The rapidly expanding field of cancer immunology has recognized the role of the immune system in inhibiting tumorigenesis, and the ability of cancer to avoid immune-mediated destruction through alterations to the tumor microenvironment [Adam et al. 2003; Sharma and Allison, 2015]. Multiple strategies have been developed to block tumoral immune suppression and allow the body’s innate anticancer immune response to combat malignant cells [Sharma and Allison, 2015]. One of these strategies is immune-checkpoint blockade. The PD-1 receptor on CD8⁺ cytotoxic T cells downregulates the function of these cells and causes immune suppression. Cancer cells have been found to upregulate expression of PD-L1, the ligand that binds to PD-1, to cause adaptive immune resistance [Tumeh et al. 2014]. PD-1 inhibitors, which are antibodies to the PD-1 receptor, have seen success in clinical trials in melanoma, renal cell and non-small cell lung cancer [Topalian et al. 2012]. Two drugs, nivolumab and pembrolizumab, have received FDA approval for metastatic melanoma, and the indication for nivolumab was recently expanded to include metastatic non-small cell lung cancer after a randomized controlled trial demonstrated improved survival compared with current therapy [Brahmer et al. 2015].

A phase II trial of pembrolizumab in metastatic cancers with microsatellite instability, the majority of which were colorectal, introduced the importance of MSI status in immune-checkpoint blockade [Le et al. 2015]. MSI colorectal cancers showed a 40% objective response rate and 78% progression-free survival at 20 weeks, while MSI noncolorectal cancers showed 71% objective response and 67% progression-free survival. This is compared with 0% objective response and 11% progression-free survival in the MSS tumors. Median progression-free survival and overall survival was not reached in the MSI tumors, while MSS tumors showed 2.2 months and 5.0 months progression-free and overall survival, respectively [Le et al. 2015]. It is important to note that most of the MSI colorectal cancers (9/11) had Lynch syndrome or a detected germline mutation in a mismatch repair gene, while 2/11 were sporadic MSI. In total, there were six sporadic-MSI tumors of all types, but all showed an objective response by RECIST criteria [Le et al. 2015]. The authors proposed that MSI tumors were more susceptible to PD-1 checkpoint blockade due to increased immune-cell infiltration in the tumor microenvironment as a result of neoantigens caused by microsatellite mutations.
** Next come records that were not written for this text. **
lemma partition_H:
  "TH \<union> CH \<union> MH = edges H" "TH \<inter> CH = {}" "TH \<inter> MH = {}" "CH \<inter> MH = {}"
proof -
  have "TY \<union> CY \<union> MY = edges Y"
    using CY_Un_MY consistent_Y unfolding RY_def three_consistent_def by blast
  then show "TH \<union> CH \<union> MH = edges H"
    unfolding TH_def CH_def MH_def edges_H using decomp_parts(1) by blast
  show "TH \<inter> CH = {}" "TH \<inter> MH = {}" "CH \<inter> MH = {}"
    unfolding TH_def CH_def MH_def using decomp_parts(2-4) CY_subset MY_subset CY_Int_MY
    unfolding RY_def by blast+
qed


lemma TH_subset: "TH \<subseteq> edges H"
  unfolding TH_def edges_H using T_subset consistent_Y unfolding three_consistent_def by auto

lemma conn_H_of_conn_Y: "conn Y TY a b \<Longrightarrow> conn H TH (vmap a) (vmap b)"
  unfolding conn_def[of Y]
proof (induction rule: rtranclp_induct)
  case (step y z)
  then obtain g where g: "g \<in> TY" "ends Y g = {y, z}" by blast
  then have "conn H TH (vmap y) (vmap z)"
    using conn_edge[of "Inr g" TH H] unfolding TH_def by simp
  then show ?case by (rule conn_trans[OF step.IH])
qed simp

lemma exists_outer_conn_X: "v \<in> verts X \<Longrightarrow> \<exists>u \<in> Out. conn X TX v u"
  using consistent_X unfolding three_consistent_def TX_def by blast

lemma exists_outer_conn_Y: "v \<in> verts Y \<Longrightarrow> \<exists>u \<in> Out. conn Y TY v u"
  using consistent_Y unfolding three_consistent_def by blast

text \<open>Sends each vertex of R' to the image of an outer vertex in its TX-component.\<close>
definition proj :: "'v \<Rightarrow> 'v + 'w" where
  "proj z = (if z \<in> R then Inl (f (SOME w. w \<in> Out \<and> conn X TX (inv_into inX f z) w)) else Inl z)"

lemma proj_outside: "z \<notin> R \<Longrightarrow> proj z = Inl z"
  unfolding proj_def by simp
Combining these results with the results of the AIM gene panel and the association of AIM-high with CIMP-high tumors, one can propose a new epigenetic approach to this immune-checkpoint strategy. Sporadic MSI is associated with CIMP, and although the trial in MSI tumors enrolled mostly nonsporadic-MSI cancers, all of the patients who did have sporadic-MSI cancers showed an objective response. These tumors would also likely have had high viral-defense gene signature expression. However, the CIMP status of these tumors was not assessed in the study. Therefore, it follows that if CIMP-low tumors display a low AIM gene signature, and these tumors are most likely MSS and nonresponsive to PD-1 therapy, then utilizing epigenetic therapy with DNMT inhibitors to increase the immunogenicity of these tumors followed by treatment with immune-checkpoint blockade could be the key to unlocking the full potential of this immune strategy.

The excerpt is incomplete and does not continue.